Да в Уралах моих зацветут черемисы,
да в Якутиях снежных забредят маисы.
Ах ты, турок-сельджук, гагауз ты волчиный,
как ворвался ты в гены мои, неотмирный?
Половецкое чудище! Выморок жабий!
Я целую сыночка, я вою по бабьи.
Прижимаю. Ласкаю. Я голову глажу,
его тельце обвив по-синичьи, лебяжьи.
Ничего, ничего, всё поправим, любимый,
а глаза мои ест соль горячего дыма.
Иногда на луну выть мне хочется… Я же
в Спас молюсь. В Спас крещусь. Становлюсь всё отважней.
Не хочу я искать ни вины, ни обиды.
У других ещё хуже, сложней – плазмоциды,
у других ещё хуже – рак, немощь и спиды.
– Доктор, доктор, скажите… Стучусь, как синица.
Становлюсь словно ток, что по венам искрится,
двести двадцать во мне, что помножено болью.
А я мать – прирастаю своею любовью.
Если жизнь я смогла перелить свою в сына,
значит, больше смогу. Ибо связь – пуповинна!
И кометой взовьюсь в Галилеевой пасти!
Стану пеплом у сердца, как в песне, Клаасней.
Сорок неб изгрызу.
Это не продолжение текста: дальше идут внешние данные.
(* Let $n,p$ be positive integers, $X\in\mathbb{R}^{n\times p}$, $\mathbf y\in\mathbb{R}^n$ and $\delta>0$. For any $j\in\{1,\dots,p\}$, if the coordinates $t_i$, $i\neq j$, of $\mathbf t\in[0,1)^p$ are held fixed, then \[ \lim_{t_j\downarrow 0}\boldsymbol\zeta_{\mathbf t}(j)=0, \] where $\boldsymbol\zeta_{\mathbf t}(j)$ denotes the $j$-th component of $\boldsymbol\zeta_{\mathbf t}$.
   Context: For $\mathbf t\in[0,1)^p$, $T_{\mathbf t}=\mathrm{Diag}(t_1,\dots,t_p)$, $X_{\mathbf t}=XT_{\mathbf t}$, $L_{\mathbf t}=\frac1n[X_{\mathbf t}^\top X_{\mathbf t}+\delta(I-T_{\mathbf t}^2)]$ (invertible for such $\mathbf t$) with $I$ the $p\times p$ identity, $\widetilde{\boldsymbol\beta}_{\mathbf t}=L_{\mathbf t}^{-1}(X_{\mathbf t}^\top\mathbf y/n)$, and $\odot$ denotes the element-wise product. Define $\mathbf a_{\mathbf t}=\frac{X^\top X}{n}(\mathbf t\odot\widetilde{\boldsymbol\beta}_{\mathbf t})-\frac{X^\top\mathbf y}{n}$, $\mathbf b_{\mathbf t}=\mathbf a_{\mathbf t}-\frac{\delta}{n}(\mathbf t\odot\widetilde{\boldsymbol\beta}_{\mathbf t})$, $\mathbf c_{\mathbf t}=L_{\mathbf t}^{-1}(\mathbf t\odot\mathbf a_{\mathbf t})$, $\mathbf d_{\mathbf t}=\left(\frac{X^\top X}{n}-\frac{\delta}{n}I\right)(\mathbf t\odot\mathbf c_{\mathbf t})$, and $\boldsymbol\zeta_{\mathbf t}=2(\widetilde{\boldsymbol\beta}_{\mathbf t}\odot(\mathbf a_{\mathbf t}-\mathbf d_{\mathbf t}))-2(\mathbf b_{\mathbf t}\odot\mathbf c_{\mathbf t})$. *)

theory Defs
  imports "HOL-Analysis.Analysis"
begin

text \<open>Design matrix X is n x p (rows indexed by 'n, columns by 'p); n = CARD('n), p = CARD('p).\<close>

definition ewprod :: "real^'p \<Rightarrow> real^'p \<Rightarrow> real^'p" (infixl "\<odot>" 70) where
  "u \<odot> v = (\<chi> i. u$i * v$i)"

definition Tmat :: "real^'p \<Rightarrow> real^'p^'p" where
  "Tmat t = (\<chi> i k. if i = k then t$i else 0)"

definition Xt :: "real^'p^'n \<Rightarrow> real^'p \<Rightarrow> real^'p^'n" where
  "Xt X t = X ** Tmat t"

definition Lmat :: "real^'p^'n \<Rightarrow> real \<Rightarrow> real^'p \<Rightarrow> real^'p^'p" where
  "Lmat X \<delta> t = (1 / real CARD('n)) *\<^sub>R
     (transpose (Xt X t) ** Xt X t + \<delta> *\<^sub>R (mat 1 - Tmat t ** Tmat t))"

definition beta_t :: "real^'p^'n \<Rightarrow> real^'n \<Rightarrow> real \<Rightarrow> real^'p \<Rightarrow> real^'p" where
  "beta_t X y \<delta> t = matrix_inv (Lmat X \<delta> t) *v
     ((1 / real CARD('n)) *\<^sub>R (transpose (Xt X t) *v y))"

definition a_t :: "real^'p^'n \<Rightarrow> real^'n \<Rightarrow> real \<Rightarrow> real^'p \<Rightarrow> real^'p" where
  "a_t X y \<delta> t = ((1 / real CARD('n)) *\<^sub>R (transpose X ** X)) *v (t \<odot> beta_t X y \<delta> t)
     - (1 / real CARD('n)) *\<^sub>R (transpose X *v y)"

definition b_t :: "real^'p^'n \<Rightarrow> real^'n \<Rightarrow> real \<Rightarrow> real^'p \<Rightarrow> real^'p" where
  "b_t X y \<delta> t = a_t X y \<delta> t - (\<delta> / real CARD('n)) *\<^sub>R (t \<odot> beta_t X y \<delta> t)"

definition c_t :: "real^'p^'n \<Rightarrow> real^'n \<Rightarrow> real \<Rightarrow> real^'p \<Rightarrow> real^'p" where
  "c_t X y \<delta> t = matrix_inv (Lmat X \<delta> t) *v (t \<odot> a_t X y \<delta> t)"

definition d_t :: "real^'p^'n \<Rightarrow> real^'n \<Rightarrow> real \<Rightarrow> real^'p \<Rightarrow> real^'p" where
  "d_t X y \<delta> t = ((1 / real CARD('n)) *\<^sub>R (transpose X ** X) - (\<delta> / real CARD('n)) *\<^sub>R mat 1)
     *v (t \<odot> c_t X y \<delta> t)"

definition zeta_t :: "real^'p^'n \<Rightarrow> real^'n \<Rightarrow> real \<Rightarrow> real^'p \<Rightarrow> real^'p" where
  "zeta_t X y \<delta> t = 2 *\<^sub>R (beta_t X y \<delta> t \<odot> (a_t X y \<delta> t - d_t X y \<delta> t))
     - 2 *\<^sub>R (b_t X y \<delta> t \<odot> c_t X y \<delta> t)"

end

theory Submission
  imports Defs
begin

text \<open>
  At \<open>t\<^sub>j = 0\<close> the \<open>j\<close>-th row of \<open>L\<^sub>t\<close> is \<open>(\<delta>/n) e\<^sub>j\<close>, while the \<open>j\<close>-th entries of
  \<open>X\<^sub>t\<^sup>T y\<close> and of \<open>t \<odot> a\<^sub>t\<close> vanish; hence \<open>\<beta>\<^sub>t(j) = c\<^sub>t(j) = 0\<close> and so \<open>\<zeta>\<^sub>t(j) = 0\<close>.
  For \<open>\<delta> > 0\<close> and \<open>|t\<^sub>i| < 1\<close> the matrix \<open>L\<^sub>t\<close> is positive definite, so by Cramer's rule
  \<open>\<zeta>\<^sub>t\<close> is continuous there, and the one-sided limit \<open>t\<^sub>j \<down> 0\<close> is the value at \<open>t\<^sub>j = 0\<close>.
\<close>

lemma tendsto_matrix_matrix_mult:
  fixes A :: "'a \<Rightarrow> 'r::real_normed_field^'m^'n" and B :: "'a \<Rightarrow> 'r^'k^'m"
  assumes "(A \<longlongrightarrow> A0) F" "(B \<longlongrightarrow> B0) F"
  shows "((\<lambda>s. A s ** B s) \<longlongrightarrow> A0 ** B0) F"
  unfolding matrix_matrix_mult_def
  by (intro vec_tendstoI) (simp, intro tendsto_intros assms)

lemma tendsto_matrix_vector_mult:
  fixes A :: "'a \<Rightarrow> 'r::real_normed_field^'m^'n" and x :: "'a \<Rightarrow> 'r^'m"
  assumes "(A \<longlongrightarrow> A0) F" "(x \<longlongrightarrow> x0) F"
  shows "((\<lambda>s. A s *v x s) \<longlongrightarrow> A0 *v x0) F"
  unfolding matrix_vector_mult_def
  by (intro vec_tendstoI) (simp, intro tendsto_intros assms)

lemma tendsto_transpose:
  fixes A :: "'a \<Rightarrow> 'r::real_normed_field^'m^'n"
  assumes "(A \<longlongrightarrow> A0) F"
  shows "((\<lambda>s. transpose (A s)) \<longlongrightarrow> transpose A0) F"
  unfolding transpose_def
  by (intro vec_tendstoI) (simp, intro tendsto_intros assms)

lemma tendsto_det:
  fixes A :: "'a \<Rightarrow> 'r::real_normed_field^'m^'m"
  assumes "(A \<longlongrightarrow> A0) F"
  shows "((\<lambda>s. det (A s)) \<longlongrightarrow> det A0) F"
  unfolding det_def
  by (intro tendsto_intros assms)

lemma matrix_inv_right:
  fixes M :: "'r::semiring_1^'m^'m"
  assumes "invertible M"
  shows "M ** matrix_inv M = mat 1"
  using assms unfolding invertible_def matrix_inv_def by (metis (mono_tags, lifting) someI_ex)

lemma matrix_inv_mult_cramer:
  fixes M :: "'r::field^'m^'m"
  assumes "det M \<noteq> 0"
  shows "matrix_inv M *v b = (\<chi> k. det (\<chi> i j. if j = k then b$i else M$i$j) / det M)"
proof -
  have "M *v (matrix_inv M *v b) = b"
    using assms by (simp add: matrix_vector_mul_assoc matrix_inv_right invertible_det_nz)
  then show ?thesis
    using cramer[OF assms] by blast
qed

lemma tendsto_matrix_inv_mult:
  fixes M :: "'a \<Rightarrow> 'r::real_normed_field^'m^'m" and b :: "'a \<Rightarrow> 'r^'m"
  assumes "(M \<longlongrightarrow> M0) F" "(b \<longlongrightarrow> b0) F" "invertible M0"
  shows "((\<lambda>s. matrix_inv (M s) *v b s) \<longlongrightarrow> matrix_inv M0 *v b0) F"
proof -
  have det0: "det M0 \<noteq> 0"
    using assms(3) invertible_det_nz by blast
  have "eventually (\<lambda>s. det (M s) \<noteq> 0) F"
    by (rule tendsto_imp_eventually_ne[OF tendsto_det[OF assms(1)] det0])
  then have cramer_eventually: "eventually (\<lambda>s. matrix_inv (M s) *v b s =
      (\<chi> k. det (\<chi> i j. if j = k then b s$i else M s$i$j) / det (M s))) F"
    by (rule eventually_mono) (simp add: matrix_inv_mult_cramer)
  have entries: "((\<lambda>s. \<chi> i j. if j = k then b s$i else M s$i$j) \<longlongrightarrow>
      (\<chi> i j. if j = k then b0$i else M0$i$j)) F" for k
    by (intro vec_tendstoI) (simp add: tendsto_vec_nth assms)
  have "((\<lambda>s. \<chi> k. det (\<chi> i j. if j = k then b s$i else M s$i$j) / det (M s)) \<longlongrightarrow>
      (\<chi> k. det (\<chi> i j. if j = k then b0$i else M0$i$j) / det M0)) F"
    using entries by (intro vec_tendstoI) (simp add: tendsto_divide tendsto_det assms(1) det0)
  then show ?thesis
    using cramer_eventually by (simp add: tendsto_cong matrix_inv_mult_cramer[OF det0])
qed

lemma matrix_inv_mult_nth_of_row_axis:
  fixes M :: "'r::field^'m^'m"
  assumes "invertible M" "M $ j = c *s axis j 1" "c \<noteq> 0"
  shows "(matrix_inv M *v v) $ j = v $ j / c"
proof -
  have row_j: "(M *v w) $ j = c * w $ j" for w
    using assms(2) by (simp add: matrix_vector_mult_def axis_def mult.assoc
        if_distrib[of "\<lambda>z. z * _"] if_distrib[of "\<lambda>z. _ * z"] cong: if_cong)
  have "v $ j = (M *v (matrix_inv M *v v)) $ j"
    using assms(1) by (simp add: matrix_vector_mul_assoc matrix_inv_right)
  also have "\<dots> = c * (matrix_inv M *v v) $ j"
    by (rule row_j)
  finally show ?thesis
    using assms(3) by (simp add: field_simps)
qed

lemma invertible_if_inner_pos:
  fixes M :: "real^'m^'m"
  assumes "\<And>x. x \<noteq> 0 \<Longrightarrow> 0 < x \<bullet> (M *v x)"
  shows "invertible M"
proof -
  have "\<forall>x. M *v x = 0 \<longrightarrow> x = 0"
    using assms by force
  then obtain B where "B ** M = mat 1"
    using matrix_left_invertible_ker by blast
  then show ?thesis
    using invertible_left_inverse by blast
qed

lemma tendsto_ewprod:
  fixes u v :: "'a \<Rightarrow> real^'m"
  assumes "(u \<longlongrightarrow> u0) F" "(v \<longlongrightarrow> v0) F"
  shows "((\<lambda>s. u s \<odot> v s) \<longlongrightarrow> u0 \<odot> v0) F"
  unfolding ewprod_def
  by (intro vec_tendstoI) (simp, intro tendsto_intros assms)

lemma tendsto_Tmat:
  fixes t :: "'a \<Rightarrow> real^'m"
  assumes "(t \<longlongrightarrow> t0) F"
  shows "((\<lambda>s. Tmat (t s)) \<longlongrightarrow> Tmat t0) F"
  unfolding Tmat_def
  by (intro vec_tendstoI) (auto intro: tendsto_vec_nth[OF assms])

lemma Tmat_mult_vector: "Tmat t *v x = t \<odot> x"
  by (simp add: vec_eq_iff matrix_vector_mult_def Tmat_def ewprod_def
      if_distrib[of "\<lambda>z. z * _"] cong: if_cong)

lemma Xt_nth: "Xt X t $ i $ k = X$i$k * t$k"
  by (simp add: Xt_def matrix_matrix_mult_def Tmat_def if_distrib[of "\<lambda>z. _ * z"] cong: if_cong)

lemma inner_Lmat_mult:
  fixes X :: "real^'p^'n"
  shows "x \<bullet> (Lmat X \<delta> t *v x) =
    ((Xt X t *v x) \<bullet> (Xt X t *v x) + \<delta> * (\<Sum>i\<in>UNIV. (1 - (t$i)^2) * (x$i)^2)) / real CARD('n)"
proof -
  let ?M = "Xt X t"
  have "Lmat X \<delta> t *v x = (1 / real CARD('n)) *\<^sub>R
      (transpose ?M *v (?M *v x) + \<delta> *\<^sub>R (x - t \<odot> (t \<odot> x)))"
    unfolding Lmat_def
    by (simp add: scaleR_matrix_vector_assoc[symmetric] matrix_vector_mult_add_rdistrib
        matrix_vector_mult_diff_rdistrib matrix_vector_mul_assoc[symmetric] Tmat_mult_vector
        del: transpose_matrix_vector)
  then have "x \<bullet> (Lmat X \<delta> t *v x) =
      (x \<bullet> (transpose ?M *v (?M *v x)) + \<delta> * (x \<bullet> (x - t \<odot> (t \<odot> x)))) / real CARD('n)"
    by (simp add: inner_add_right del: transpose_matrix_vector)
  also have "x \<bullet> (transpose ?M *v (?M *v x)) = (?M *v x) \<bullet> (?M *v x)"
    by (metis dot_lmul_matrix inner_commute transpose_matrix_vector)
  also have "x \<bullet> (x - t \<odot> (t \<odot> x)) = (\<Sum>i\<in>UNIV. (1 - (t$i)^2) * (x$i)^2)"
    by (simp add: inner_vec_def ewprod_def power2_eq_square algebra_simps sum_subtractf)
  finally show ?thesis .
qed

lemma invertible_Lmat:
  fixes X :: "real^'p^'n"
  assumes "\<delta> > 0" "\<And>i. \<bar>t$i\<bar> < 1"
  shows "invertible (Lmat X \<delta> t)"
proof (rule invertible_if_inner_pos)
  fix x :: "real^'p"
  assume "x \<noteq> 0"
  then obtain k where "x$k \<noteq> 0"
    by (auto simp: vec_eq_iff)
  have weight_pos: "0 < 1 - (t$i)^2" for i
    using assms(2)[of i] by (simp add: abs_square_less_1)
  then have "0 \<le> (1 - (t$i)^2) * (x$i)^2" for i
    by (simp add: less_imp_le)
  then have "0 < (\<Sum>i\<in>UNIV. (1 - (t$i)^2) * (x$i)^2)"
    using \<open>x$k \<noteq> 0\<close> weight_pos by (intro sum_pos2[of _ k]) auto
  then show "0 < x \<bullet> (Lmat X \<delta> t *v x)"
    unfolding inner_Lmat_mult using assms(1) by (simp add: add_nonneg_pos)
qed

lemma tendsto_zeta_t:
  fixes X :: "real^'p^'n" and \<tau> :: "'a \<Rightarrow> real^'p"
  assumes tau: "(\<tau> \<longlongrightarrow> t0) F" and inv: "invertible (Lmat X \<delta> t0)"
  shows "((\<lambda>s. zeta_t X y \<delta> (\<tau> s)) \<longlongrightarrow> zeta_t X y \<delta> t0) F"
proof -
  have Xt: "((\<lambda>s. Xt X (\<tau> s)) \<longlongrightarrow> Xt X t0) F"
    unfolding Xt_def by (intro tendsto_matrix_matrix_mult tendsto_Tmat tau tendsto_const)
  have L: "((\<lambda>s. Lmat X \<delta> (\<tau> s)) \<longlongrightarrow> Lmat X \<delta> t0) F"
    unfolding Lmat_def
    by (intro tendsto_scaleR tendsto_add tendsto_diff tendsto_matrix_matrix_mult tendsto_transpose
        Xt tendsto_Tmat tau tendsto_const)
  have beta: "((\<lambda>s. beta_t X y \<delta> (\<tau> s)) \<longlongrightarrow> beta_t X y \<delta> t0) F"
    unfolding beta_t_def
    by (intro tendsto_matrix_inv_mult L inv tendsto_scaleR tendsto_matrix_vector_mult
        tendsto_transpose Xt tendsto_const)
  have a: "((\<lambda>s. a_t X y \<delta> (\<tau> s)) \<longlongrightarrow> a_t X y \<delta> t0) F"
    unfolding a_t_def
    by (intro tendsto_diff tendsto_matrix_vector_mult tendsto_ewprod beta tau tendsto_const)
  have b: "((\<lambda>s. b_t X y \<delta> (\<tau> s)) \<longlongrightarrow> b_t X y \<delta> t0) F"
    unfolding b_t_def
    by (intro tendsto_diff tendsto_scaleR tendsto_ewprod a beta tau tendsto_const)
  have c: "((\<lambda>s. c_t X y \<delta> (\<tau> s)) \<longlongrightarrow> c_t X y \<delta> t0) F"
    unfolding c_t_def
    by (intro tendsto_matrix_inv_mult L inv tendsto_ewprod a tau)
  have d: "((\<lambda>s. d_t X y \<delta> (\<tau> s)) \<longlongrightarrow> d_t X y \<delta> t0) F"
    unfolding d_t_def
    by (intro tendsto_matrix_vector_mult tendsto_ewprod c tau tendsto_const)
  show ?thesis
    unfolding zeta_t_def
    by (intro tendsto_diff tendsto_scaleR tendsto_ewprod tendsto_const a b beta c d)
qed

lemma Lmat_row_if_zero:
  fixes X :: "real^'p^'n"
  assumes "t$j = 0"
  shows "Lmat X \<delta> t $ j = (\<delta> / real CARD('n)) *s axis j 1"
proof -
  have "(transpose (Xt X t) ** Xt X t) $ j = 0"
    by (simp add: vec_eq_iff matrix_matrix_mult_def transpose_def Xt_nth assms)
  moreover have "(Tmat t ** Tmat t) $ j = 0"
    using assms by (auto simp: vec_eq_iff matrix_matrix_mult_def Tmat_def intro!: sum.neutral)
  ultimately show ?thesis
    by (simp add: Lmat_def vec_eq_iff mat_def axis_def)
qed

lemma zeta_t_nth_eq_0:
  fixes X :: "real^'p^'n"
  assumes "t$j = 0" "\<delta> > 0" "invertible (Lmat X \<delta> t)"
  shows "zeta_t X y \<delta> t $ j = 0"
proof -
  have "\<delta> / real CARD('n) \<noteq> 0"
    using assms(2) by simp
  note row_j = matrix_inv_mult_nth_of_row_axis[OF assms(3) Lmat_row_if_zero[OF assms(1)] this]
  have "beta_t X y \<delta> t $ j = 0"
    unfolding beta_t_def row_j by (simp add: matrix_vector_mult_def transpose_def Xt_nth assms(1))
  moreover have "c_t X y \<delta> t $ j = 0"
    unfolding c_t_def row_j by (simp add: ewprod_def assms(1))
  ultimately show ?thesis
    by (simp add: zeta_t_def ewprod_def)
qed

theorem proposition1:
  fixes X :: "real^'p^'n" and y :: "real^'n" and \<delta> :: real
    and t :: "real^'p" and j :: 'p
  assumes "\<delta> > 0"
    and "\<forall>i. i \<noteq> j \<longrightarrow> 0 \<le> t$i \<and> t$i < 1"
  shows "((\<lambda>s. zeta_t X y \<delta> (\<chi> i. if i = j then s else t$i) $ j) \<longlongrightarrow> 0) (at_right 0)"
proof -
  define t0 :: "real^'p" where "t0 = (\<chi> i. if i = j then 0 else t$i)"
  have "((\<lambda>s. \<chi> i. if i = j then s else t$i) \<longlongrightarrow> t0) (at_right 0)"
    unfolding t0_def by (intro vec_tendstoI) auto
  moreover have inv: "invertible (Lmat X \<delta> t0)"
    using assms by (intro invertible_Lmat) (auto simp: t0_def)
  ultimately have "((\<lambda>s. zeta_t X y \<delta> (\<chi> i. if i = j then s else t$i) $ j) \<longlongrightarrow>
      zeta_t X y \<delta> t0 $ j) (at_right 0)"
    by (intro tendsto_vec_nth tendsto_zeta_t)
  moreover have "zeta_t X y \<delta> t0 $ j = 0"
    using assms(1) inv by (intro zeta_t_nth_eq_0) (auto simp: t0_def)
  ultimately show ?thesis
    by simp
qed

end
И созвездий полярных.
Помоги ему, Господи небесноманный!
Из невзгод всех достань сына да
из напастей…
***
Родина! Дай мне радость за тебя умереть,
как Мозговой, как Захарченко, Космодемьянская Зоя,
маленьким семечком, зёрнышком лечь в тебя на заре
в сцепление трав, корешков, глин – в правильное такое.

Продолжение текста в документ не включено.